Maybe. Depends what the fallback for the business that was using it is when that program doesn't run.

> Humans need to fix bugs, but that is nothing new. A memory bug with such features would be hardly more significant than any other bug

Perhaps. But it seems to me that the changes that you'd need to make to fix such a bug are much the same changes that you'd need to make to port the code to Rust or what have you, since ultimately in either case you have to prove that the memory access is correct. Indeed I'd argue that an approach that lets you find these bugs at compile time rather than run time has a distinct advantage.




>Perhaps. But it seems to me that the changes that you'd need to make to fix such a bug are much the same changes that you'd need to make to port the code to Rust or what have you, since ultimately in either case you have to prove that the memory access is correct.

No, you wouldn't need to prove that the memory access is correct if you relied on hardware features.
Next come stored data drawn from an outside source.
lemma row_sum_norm_mult: "row_sum_norm (A ** B) \<le> row_sum_norm A * row_sum_norm B"
proof (rule row_sum_norm_le)
  fix i
  have "abs_row_sum (A ** B) i = (\<Sum>j\<in>UNIV. cmod (\<Sum>k\<in>UNIV. A$i$k * B$k$j))"
    by (simp add: abs_row_sum_def matrix_matrix_mult_def)
  also have "\<dots> \<le> (\<Sum>j\<in>UNIV. \<Sum>k\<in>UNIV. cmod (A$i$k) * cmod (B$k$j))"
    by (intro sum_mono) (metis (no_types, lifting) norm_mult norm_sum sum.cong)
  also have "\<dots> = (\<Sum>k\<in>UNIV. cmod (A$i$k) * abs_row_sum B k)"
    by (subst sum.swap) (simp add: abs_row_sum_def sum_distrib_left)
  also have "\<dots> \<le> (\<Sum>k\<in>UNIV. cmod (A$i$k) * row_sum_norm B)"
    by (intro sum_mono mult_left_mono abs_row_sum_le_row_sum_norm) auto
  also have "\<dots> = abs_row_sum A i * row_sum_norm B"
    by (simp add: abs_row_sum_def sum_distrib_right)
  also have "\<dots> \<le> row_sum_norm A * row_sum_norm B"
    by (intro mult_right_mono abs_row_sum_le_row_sum_norm row_sum_norm_nonneg)
  finally show "abs_row_sum (A ** B) i \<le> row_sum_norm A * row_sum_norm B" .
qed

lemma row_sum_norm_one: "row_sum_norm (mat 1 :: complex^'n^'n::finite) = 1"
proof -
  have "abs_row_sum (mat 1 :: complex^'n^'n) i = (\<Sum>j\<in>UNIV. if j = i then 1 else 0)" for i
    unfolding abs_row_sum_def by (intro sum.cong) (auto simp: mat_def)
  then show ?thesis unfolding row_sum_norm_def by simp
qed

lemma row_sum_norm_le_sum_entries:
  "row_sum_norm (A::complex^'n^'n::finite) \<le> (\<Sum>i\<in>UNIV. \<Sum>j\<in>UNIV. cmod (A$i$j))"
proof (rule row_sum_norm_le)
  fix i
  show "abs_row_sum A i \<le> (\<Sum>i\<in>UNIV. \<Sum>j\<in>UNIV. cmod (A$i$j))"
    unfolding abs_row_sum_def by (intro member_le_sum) (auto intro: sum_nonneg)
qed

lemma sum_entries_le_row_sum_norm:
  "(\<Sum>i\<in>UNIV. \<Sum>j\<in>UNIV. cmod (A$i$j)) \<le> real CARD('n) * row_sum_norm (A::complex^'n^'n::finite)"
proof -
  have "(\<Sum>i\<in>UNIV. \<Sum>j\<in>UNIV. cmod (A$i$j)) = (\<Sum>i\<in>UNIV. abs_row_sum A i)"
    by (simp add: abs_row_sum_def)
  also have "\<dots> \<le> (\<Sum>i\<in>(UNIV::'n set). row_sum_norm A)"
    by (intro sum_mono abs_row_sum_le_row_sum_norm)
  finally show ?thesis by simp
qed

lemma scaleR_matrix_mult_left: "(a *\<^sub>R A) ** (B::complex^'n^'n) = a *\<^sub>R (A ** B)"
  by (simp add: vec_eq_iff matrix_matrix_mult_def scaleR_sum_right)

lemma scaleR_matrix_mult_right: "A ** (a *\<^sub>R B) = a *\<^sub>R (A ** (B::complex^'n^'n))"
  by (simp add: vec_eq_iff matrix_matrix_mult_def scaleR_sum_right)

lemma matrix_add_rdistrib: "(B + C) ** A = B ** A + C ** (A::'a::semiring_1^'n^'n)"
  by (vector matrix_matrix_mult_def sum.distrib[symmetric] field_simps)

instantiation cmat :: (finite) real_normed_algebra_1
begin

lift_definition zero_cmat :: "'a cmat" is 0 .
lift_definition one_cmat :: "'a cmat" is "mat 1" .
lift_definition plus_cmat :: "'a cmat \<Rightarrow> 'a cmat \<Rightarrow> 'a cmat" is "(+)" .
lift_definition minus_cmat :: "'a cmat \<Rightarrow> 'a cmat \<Rightarrow> 'a cmat" is "(-)" .
lift_definition uminus_cmat :: "'a cmat \<Rightarrow> 'a cmat" is uminus .
lift_definition times_cmat :: "'a cmat \<Rightarrow> 'a cmat \<Rightarrow> 'a cmat" is "(**)" .
lift_definition scaleR_cmat :: "real \<Rightarrow> 'a cmat \<Rightarrow> 'a cmat" is scaleR .
lift_definition norm_cmat :: "'a cmat \<Rightarrow> real" is row_sum_norm .

definition dist_cmat :: "'a cmat \<Rightarrow> 'a cmat \<Rightarrow> real" where
  "dist_cmat a b = norm (a - b)"
definition sgn_cmat :: "'a cmat \<Rightarrow> 'a cmat" where
  "sgn_cmat x = inverse (norm x) *\<^sub>R x"
definition uniformity_cmat :: "('a cmat \<times> 'a cmat) filter" where
  "uniformity_cmat = (INF e\<in>{0<..}. principal {(x, y). dist x y < e})"
definition open_cmat :: "'a cmat set \<Rightarrow> bool" where
  "open_cmat S = (\<forall>x\<in>S. \<forall>\<^sub>F (x', y) in uniformity. x' = x \<longrightarrow> y \<in> S)"

instance
proof
  fix a b c :: "'a cmat" and r q :: real and U :: "'a cmat set"
  show "dist a b = norm (a - b)" by (simp add: dist_cmat_def)
  show "sgn a = inverse (norm a) *\<^sub>R a" by (simp add: sgn_cmat_def)
  show "uniformity = (INF e\<in>{0<..}. principal {(x, y::'a cmat). dist x y < e})"
    by (simp add: uniformity_cmat_def)
  show "open U = (\<forall>x\<in>U. \<forall>\<^sub>F (x', y) in uniformity. x' = x \<longrightarrow> y \<in> U)"
    by (simp add: open_cmat_def)
  show "a + b + c = a + (b + c)" by transfer (simp add: add.assoc)
  show "a + b = b + a" by transfer (simp add: add.commute)
  show "0 + a = a" by transfer simp
  show "- a + a = 0" by transfer simp
  show "a - b = a + - b" by transfer simp
  show "r *\<^sub>R (a + b) = r *\<^sub>R a + r *\<^sub>R b" by transfer (simp add: scaleR_right_distrib)
  show "(r + q) *\<^sub>R a = r *\<^sub>R a + q *\<^sub>R a" by transfer (simp add: scaleR_left_distrib)
  show "r *\<^sub>R q *\<^sub>R a = (r * q) *\<^sub>R a" by transfer simp
  show "1 *\<^sub>R a = a" by transfer simp
  show "a * b * c = a * (b * c)" by transfer (simp add: matrix_mul_assoc)
  show "(a + b) * c = a * c + b * c" by transfer (simp add: matrix_add_rdistrib)
  show "a * (b + c) = a * b + a * c" by transfer (simp add: matrix_add_ldistrib)
  show "1 * a = a" by transfer simp
  show "a * 1 = a" by transfer simp
  show "(0::'a cmat) \<noteq> 1" by transfer (simp add: vec_eq_iff mat_def)
  show "r *\<^sub>R a * b = r *\<^sub>R (a * b)" by transfer (simp add: scaleR_matrix_mult_left)
  show "a * r *\<^sub>R b = r *\<^sub>R (a * b)" by transfer (simp add: scaleR_matrix_mult_right)
  show "(norm a = 0) = (a = 0)" by transfer (simp add: row_sum_norm_eq_0)
  show "norm (a + b) \<le> norm a + norm b" by transfer (simp add: row_sum_norm_triangle)
  show "norm (r *\<^sub>R a) = \<bar>r\<bar> * norm a" by transfer (simp add: row_sum_norm_scaleR)
  show "norm (a * b) \<le> norm a * norm b" by transfer (simp add: row_sum_norm_mult)
  show "norm (1::'a cmat) = 1" by transfer (simp add: row_sum_norm_one)
qed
Or I should say, that proof will be mostly done by compiler and library writers who implement the low level stuff like array allocations. The net lines of code changed would definitely be less than a complete rewrite, and would not require rediscovery of specifications that normally has to happen in the course of a rewrite.
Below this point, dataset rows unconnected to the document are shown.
(* Consider the following constrained Bayesian persuasion setting. There is a finite state space $\Theta$, a finite action space $A=\{a_1,\dots,a_m\}$, a finite signal space $\Sigma$ with $|\Sigma|\ge |A|$, a common prior $\mu\in\Delta(\Theta)$, a sender utility $u_S:\Theta\times A\to\mathbb{R}$ and a receiver utility $u_R:\Theta\times A\to\mathbb{R}$. For each action $a_i$ there are bounds $0\le \ell_{a_i}\le h_{a_i}\le 1$, and these constraints are implementable, i.e. $\sum_i \ell_{a_i}\le 1\le \sum_i h_{a_i}$. Then for every signaling scheme $\hat\varphi:\Theta\to\Delta(\Sigma)$ there exists a signaling scheme $\varphi:\Theta\to\Delta(\Sigma)$ such that the sender's expected utility under $\varphi$ (against the receiver's constrained best response) is at least his expected utility under $\hat\varphi$ (against the receiver's constrained best response), and such that the receiver's constrained best response to $\varphi$ is deterministic (each signal is mapped to a single action with probability one). In particular, there exists a sender-optimal signaling scheme under which the receiver responds deterministically.
   Context: A signaling scheme $\varphi:\Theta\to\Delta(\Sigma)$ is committed to by the sender before observing the state $\theta\sim\mu$; after observing $\theta$ the sender sends a signal $\sigma\sim\varphi(\theta)$. Write $\varphi(\sigma_j\mid\theta_i)$ for the probability of sending $\sigma_j$ in state $\theta_i$ and $\varphi(\sigma_j)=\sum_i\mu(\theta_i)\varphi(\sigma_j\mid\theta_i)$. A receiver strategy is a randomized mapping $\pi:\Sigma\to\Delta(A)$; write $\pi_{i j}$ for the probability that the receiver plays $a_i$ upon observing $\sigma_j$. The receiver is constrained: her strategy must satisfy, for every action $a_i$, $\ell_{a_i}\le \sum_j \varphi(\sigma_j)\,\pi_{ij}\le h_{a_i}$ (the probability of playing $a_i$, over the randomness of the state, the sender and the receiver, lies in $[\ell_{a_i},h_{a_i}]$). The receiver's (constrained) best response to $\varphi$ is a strategy satisfying these constraints that maximizes her expected utility $\mathbb{E}[u_R(\theta,a)]$ among all strategies satisfying the constraints, with ties broken in favor of the sender. The sender's expected utility under $\varphi$ is $\mathbb{E}_{\theta\sim\mu,\sigma\sim\varphi(\theta),a\sim\pi(\sigma)}[u_S(\theta,a)]$ with $\pi$ the receiver's best response; a sender-optimal scheme maximizes this quantity. *)

theory Defs
  imports Complex_Main
begin

(* Prior mu :: 'th => real; signaling scheme phi :: 'th => 's => real
   (phi th s = probability of sending s in state th);
   receiver strategy rho :: 's => 'a => real (rho s a = prob. of playing a on s). *)

definition is_distr :: "('b::finite \<Rightarrow> real) \<Rightarrow> bool" where
  "is_distr p \<longleftrightarrow> (\<forall>x. 0 \<le> p x) \<and> (\<Sum>x\<in>UNIV. p x) = 1"

definition is_scheme :: "('th::finite \<Rightarrow> 's::finite \<Rightarrow> real) \<Rightarrow> bool" where
  "is_scheme phi \<longleftrightarrow> (\<forall>th. is_distr (phi th))"

definition is_strategy :: "('s::finite \<Rightarrow> 'a::finite \<Rightarrow> real) \<Rightarrow> bool" where
  "is_strategy rho \<longleftrightarrow> (\<forall>s. is_distr (rho s))"

definition sig_prob :: "('th::finite \<Rightarrow> real) \<Rightarrow> ('th \<Rightarrow> 's \<Rightarrow> real) \<Rightarrow> 's \<Rightarrow> real" where
  "sig_prob mu phi s = (\<Sum>th\<in>UNIV. mu th * phi th s)"

definition feasible ::
  "('th::finite \<Rightarrow> real) \<Rightarrow> ('a::finite \<Rightarrow> real) \<Rightarrow> ('a \<Rightarrow> real) \<Rightarrow>
   ('th \<Rightarrow> 's::finite \<Rightarrow> real) \<Rightarrow> ('s \<Rightarrow> 'a \<Rightarrow> real) \<Rightarrow> bool" where
  "feasible mu l h phi rho \<longleftrightarrow> is_strategy rho \<and>
     (\<forall>a. l a \<le> (\<Sum>s\<in>UNIV. sig_prob mu phi s * rho s a) \<and>
          (\<Sum>s\<in>UNIV. sig_prob mu phi s * rho s a) \<le> h a)"

definition exp_util ::
  "('th::finite \<Rightarrow> real) \<Rightarrow> ('th \<Rightarrow> 'a::finite \<Rightarrow> real) \<Rightarrow>
   ('th \<Rightarrow> 's::finite \<Rightarrow> real) \<Rightarrow> ('s \<Rightarrow> 'a \<Rightarrow> real) \<Rightarrow> real" where
  "exp_util mu u phi rho =
     (\<Sum>th\<in>UNIV. \<Sum>s\<in>UNIV. \<Sum>a\<in>UNIV. mu th * phi th s * rho s a * u th a)"

(* receiver's constrained best response, ties broken in favour of the sender:
   rho is feasible, maximizes receiver utility among feasible strategies, and among
   the receiver-optimal feasible strategies maximizes the sender's utility *)
definition receiver_opt where
  "receiver_opt mu l h uR phi rho \<longleftrightarrow> feasible mu l h phi rho \<and>
     (\<forall>rho'. feasible mu l h phi rho' \<longrightarrow> exp_util mu uR phi rho' \<le> exp_util mu uR phi rho)"

definition best_response where
  "best_response mu l h uS uR phi rho \<longleftrightarrow> receiver_opt mu l h uR phi rho \<and>
     (\<forall>rho'. receiver_opt mu l h uR phi rho' \<longrightarrow> exp_util mu uS phi rho' \<le> exp_util mu uS phi rho)"

definition deterministic :: "('s \<Rightarrow> 'a \<Rightarrow> real) \<Rightarrow> bool" where
  "deterministic rho \<longleftrightarrow> (\<forall>s. \<exists>a. rho s a = 1)"

end

theory Submission
  imports Defs
begin

text \<open>A revelation-principle argument. Encode the actions injectively as signals and let the
  new scheme send the code of the action the receiver would have played against the old scheme.
  Every strategy against the new scheme is simulated by a strategy against the old one (play the
  old response, encode it, then apply the new strategy) with the same utilities for both players
  and the same action marginals. Obeying the recommendation simulates the old best response itself,
  so it is again a constrained best response, with the same tie-breaking and the same sender
  utility.\<close>

definition action_prob :: "('th::finite \<Rightarrow> 's::finite \<Rightarrow> real) \<Rightarrow> ('s \<Rightarrow> 'a \<Rightarrow> real) \<Rightarrow> 'th \<Rightarrow> 'a \<Rightarrow> real"
  where "action_prob phi rho th a = (\<Sum>s\<in>UNIV. phi th s * rho s a)"

definition recommendation_scheme ::
  "('th::finite \<Rightarrow> 's::finite \<Rightarrow> real) \<Rightarrow> ('s \<Rightarrow> 'a::finite \<Rightarrow> real) \<Rightarrow> ('a \<Rightarrow> 's) \<Rightarrow> 'th \<Rightarrow> 's \<Rightarrow> real"
  where "recommendation_scheme phi rho g th s = (\<Sum>a | g a = s. action_prob phi rho th a)"

definition composed_strategy ::
  "('s \<Rightarrow> 'a::finite \<Rightarrow> real) \<Rightarrow> ('a \<Rightarrow> 's) \<Rightarrow> ('s \<Rightarrow> 'b \<Rightarrow> real) \<Rightarrow> 's \<Rightarrow> 'b \<Rightarrow> real"
  where "composed_strategy rho g r s b = (\<Sum>a\<in>UNIV. rho s a * r (g a) b)"

text \<open>Off the range of \<^term>\<open>g\<close>, \<^term>\<open>inv g s\<close> is an arbitrary action; such
  signals are never sent by the recommendation scheme.\<close>

definition obey_strategy :: "('a \<Rightarrow> 's) \<Rightarrow> 's \<Rightarrow> 'a \<Rightarrow> real"
  where "obey_strategy g s a = (if a = inv g s then 1 else 0)"

lemma exp_util_nested:
  "exp_util mu u phi r = (\<Sum>th\<in>UNIV. mu th * (\<Sum>s\<in>UNIV. phi th s * (\<Sum>b\<in>UNIV. r s b * u th b)))"
  unfolding exp_util_def by (simp add: sum_distrib_left mult_ac)

lemma sum_sig_prob:
  "(\<Sum>s\<in>UNIV. sig_prob mu phi s * F s) = (\<Sum>th\<in>UNIV. mu th * (\<Sum>s\<in>UNIV. phi th s * F s))"
  unfolding sig_prob_def sum_distrib_left sum_distrib_right
  by (subst sum.swap) (simp add: mult.assoc)

lemma sum_action_prob:
  "(\<Sum>a\<in>UNIV. action_prob phi rho th a * F a) = (\<Sum>s\<in>UNIV. phi th s * (\<Sum>a\<in>UNIV. rho s a * F a))"
  unfolding action_prob_def sum_distrib_left sum_distrib_right
  by (subst sum.swap) (simp add: mult.assoc)

lemma sum_composed_strategy:
  "(\<Sum>b\<in>UNIV. composed_strategy rho g r s b * F b) = (\<Sum>a\<in>UNIV. rho s a * (\<Sum>b\<in>UNIV. r (g a) b * F b))"
  unfolding composed_strategy_def sum_distrib_left sum_distrib_right
  by (subst sum.swap) (simp add: mult.assoc)

lemma sum_recommendation_scheme:
  "(\<Sum>s\<in>UNIV. recommendation_scheme phi rho g th s * F s) = (\<Sum>a\<in>UNIV. action_prob phi rho th a * F (g a))"
proof -
  have "(\<Sum>s\<in>UNIV. recommendation_scheme phi rho g th s * F s)
      = (\<Sum>s\<in>UNIV. \<Sum>a | g a = s. action_prob phi rho th a * F (g a))"
    unfolding recommendation_scheme_def sum_distrib_right by (intro sum.cong) auto
  also have "\<dots> = (\<Sum>a\<in>UNIV. action_prob phi rho th a * F (g a))"
    using sum.group[of UNIV UNIV g "\<lambda>a. action_prob phi rho th a * F (g a)"] by simp
  finally show ?thesis .
qed

lemma exp_util_recommendation_scheme:
  "exp_util mu u (recommendation_scheme phi rho g) r = exp_util mu u phi (composed_strategy rho g r)"
  unfolding exp_util_nested
  by (simp add: sum_recommendation_scheme sum_action_prob sum_composed_strategy)

lemma action_marginal_recommendation_scheme:
  "(\<Sum>s\<in>UNIV. sig_prob mu (recommendation_scheme phi rho g) s * r s b)
     = (\<Sum>s\<in>UNIV. sig_prob mu phi s * composed_strategy rho g r s b)"
  unfolding sum_sig_prob
  by (simp add: sum_recommendation_scheme sum_action_prob composed_strategy_def)

lemma is_strategy_composed_strategy:
  assumes "is_strategy rho" and "is_strategy r"
  shows "is_strategy (composed_strategy rho g r)"
  unfolding is_strategy_def is_distr_def
proof (intro allI conjI)
  fix s b
  show "0 \<le> composed_strategy rho g r s b"
    using assms unfolding composed_strategy_def is_strategy_def is_distr_def by (simp add: sum_nonneg)
next
  fix s
  have "(\<Sum>b\<in>UNIV. composed_strategy rho g r s b) = (\<Sum>a\<in>UNIV. rho s a * (\<Sum>b\<in>UNIV. r (g a) b))"
    using sum_composed_strategy[where F = "\<lambda>_. 1"] by simp
  also have "\<dots> = 1"
    using assms unfolding is_strategy_def is_distr_def by simp
  finally show "(\<Sum>b\<in>UNIV. composed_strategy rho g r s b) = 1" .
qed

lemma is_scheme_recommendation_scheme:
  assumes "is_scheme phi" and "is_strategy rho"
  shows "is_scheme (recommendation_scheme phi rho g)"
  unfolding is_scheme_def is_distr_def
proof (intro allI conjI)
  fix th s
  show "0 \<le> recommendation_scheme phi rho g th s"
    using assms unfolding recommendation_scheme_def action_prob_def is_scheme_def is_strategy_def is_distr_def
    by (intro sum_nonneg) (simp add: sum_nonneg)
next
  fix th
  have "(\<Sum>s\<in>UNIV. recommendation_scheme phi rho g th s) = (\<Sum>s\<in>UNIV. phi th s * (\<Sum>a\<in>UNIV. rho s a))"
    using sum_recommendation_scheme[of phi rho g th "\<lambda>_. 1"] sum_action_prob[of phi rho th "\<lambda>_. 1"]
    by simp
  also have "\<dots> = 1"
    using assms unfolding is_scheme_def is_strategy_def is_distr_def by simp
  finally show "(\<Sum>s\<in>UNIV. recommendation_scheme phi rho g th s) = 1" .
qed

lemma feasible_recommendation_scheme_iff:
  assumes "is_strategy rho"
  shows "feasible mu l h (recommendation_scheme phi rho g) r
           \<longleftrightarrow> is_strategy r \<and> feasible mu l h phi (composed_strategy rho g r)"
  unfolding feasible_def action_marginal_recommendation_scheme
  using is_strategy_composed_strategy[OF assms] by blast

lemma composed_strategy_obey:
  assumes "inj g"
  shows "composed_strategy rho g (obey_strategy g) = rho"
  using assms by (intro ext) (simp add: composed_strategy_def obey_strategy_def if_distrib cong: if_cong)

lemma is_strategy_obey_strategy: "is_strategy (obey_strategy g)"
  unfolding is_strategy_def is_distr_def obey_strategy_def by simp

lemma deterministic_obey_strategy: "deterministic (obey_strategy g)"
  unfolding deterministic_def obey_strategy_def by auto

lemma best_response_simulation:
  assumes util: "\<And>u r. exp_util mu u phi r = exp_util mu u phi' (T r)"
    and feas: "\<And>r. feasible mu l h phi r \<longleftrightarrow> is_strategy r \<and> feasible mu l h phi' (T r)"
    and "is_strategy rho" and T_rho: "T rho = rho'"
    and br: "best_response mu l h uS uR phi' rho'"
  shows "best_response mu l h uS uR phi rho"
proof -
  have opt': "receiver_opt mu l h uR phi' rho'"
    using br unfolding best_response_def by blast
  have feas_rho: "feasible mu l h phi rho"
    using feas[of rho] \<open>is_strategy rho\<close> opt' unfolding receiver_opt_def T_rho by blast
  have opt: "receiver_opt mu l h uR phi rho"
    unfolding receiver_opt_def
  proof (intro conjI allI impI feas_rho)
    fix r assume "feasible mu l h phi r"
    then have "feasible mu l h phi' (T r)"
      using feas[of r] by blast
    then show "exp_util mu uR phi r \<le> exp_util mu uR phi rho"
      using opt' unfolding receiver_opt_def util T_rho by blast
  qed
  have "exp_util mu uS phi r \<le> exp_util mu uS phi rho" if opt_r: "receiver_opt mu l h uR phi r" for r
  proof -
    have "receiver_opt mu l h uR phi' (T r)"
      unfolding receiver_opt_def
    proof (intro conjI allI impI)
      show "feasible mu l h phi' (T r)"
        using opt_r feas[of r] unfolding receiver_opt_def by blast
      fix r' assume "feasible mu l h phi' r'"
      then have "exp_util mu uR phi' r' \<le> exp_util mu uR phi' rho'"
        using opt' unfolding receiver_opt_def by blast
      also have "\<dots> = exp_util mu uR phi rho"
        by (simp add: util T_rho)
      also have "\<dots> \<le> exp_util mu uR phi r"
        using opt_r feas_rho unfolding receiver_opt_def by blast
      also have "\<dots> = exp_util mu uR phi' (T r)"
        by (rule util)
      finally show "exp_util mu uR phi' r' \<le> exp_util mu uR phi' (T r)" .
    qed
    then show ?thesis
      using br unfolding best_response_def util T_rho by blast
  qed
  with opt show ?thesis
    unfolding best_response_def by blast
qed

theorem proposition1:
  fixes mu :: "'th::finite \<Rightarrow> real"
    and uS uR :: "'th \<Rightarrow> 'a::finite \<Rightarrow> real"
    and l h :: "'a \<Rightarrow> real"
    and phi_hat :: "'th \<Rightarrow> 's::finite \<Rightarrow> real"
    and rho_hat :: "'s \<Rightarrow> 'a \<Rightarrow> real"
  assumes "card (UNIV :: 'a set) \<le> card (UNIV :: 's set)"
    and "is_distr mu"
    and "\<And>a. 0 \<le> l a" and "\<And>a. l a \<le> h a" and "\<And>a. h a \<le> 1"
    and "(\<Sum>a\<in>UNIV. l a) \<le> 1" and "1 \<le> (\<Sum>a\<in>UNIV. h a)"
    and "is_scheme phi_hat"
    and "best_response mu l h uS uR phi_hat rho_hat"
  shows "\<exists>(phi :: 'th \<Rightarrow> 's \<Rightarrow> real) rho. is_scheme phi \<and> best_response mu l h uS uR phi rho \<and> deterministic rho \<and>
           exp_util mu uS phi_hat rho_hat \<le> exp_util mu uS phi rho"
proof -
  obtain g :: "'a \<Rightarrow> 's" where "inj g"
    using assms(1) by (meson card_le_inj finite_UNIV inj_on_iff_surj subset_UNIV)
  have "is_strategy rho_hat"
    using assms(9) unfolding best_response_def receiver_opt_def feasible_def by blast
  let ?phi = "recommendation_scheme phi_hat rho_hat g"
  have "best_response mu l h uS uR ?phi (obey_strategy g)"
    by (rule best_response_simulation[OF exp_util_recommendation_scheme
          feasible_recommendation_scheme_iff[OF \<open>is_strategy rho_hat\<close>]
          is_strategy_obey_strategy composed_strategy_obey[OF \<open>inj g\<close>] assms(9)])
  moreover have "exp_util mu uS ?phi (obey_strategy g) = exp_util mu uS phi_hat rho_hat"
    by (simp add: exp_util_recommendation_scheme composed_strategy_obey[OF \<open>inj g\<close>])
  ultimately show ?thesis
    using is_scheme_recommendation_scheme[OF assms(8) \<open>is_strategy rho_hat\<close>] deterministic_obey_strategy
    by (intro exI[of _ ?phi] exI[of _ "obey_strategy g"]) simp
qed

end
>Indeed I'd argue that an approach that lets you find these bugs at compile time rather than run time has a distinct advantage.

It is an advantage but it's not free. Every compilation takes longer in a more restrictive language. The benefits would rapidly diminish with the number of instances of the program that run tests, which is incidentally one metric that correlates positively with how significant bugs actually are. You could think of it as free unit tests, almost. The extra hardware does have a cost but that cost is WAAAY lower than the cost of a wholesale rewrite.


> No, you wouldn't need to prove that the memory access is correct if you relied on hardware features. Or I should say, that proof will be mostly done by compiler and library writers who implement the low level stuff like array allocations. The net lines of code changed would definitely be less than a complete rewrite, and would not require rediscovery of specifications that normally has to happen in the course of a rewrite.

I don't see how the hardware features make this part any easier than a Rust-style borrow checker or avoid requiring the same rediscovery of specifications. Checking at runtime has some advantages (it means that if there are codepaths that are never actually run, you can skip getting those correct - although it's sometimes hard to tell the difference between a codepath that's never run and a codepath that's rarely run), but for every memory access that does happen, your compiler/runtime/hardware is answering the same question either way - "why is this memory access legitimate?" - and that's going to require the same amount of logic (and potentially involve arbitrarily complex aspects of the rest of the code) to answer in either setting.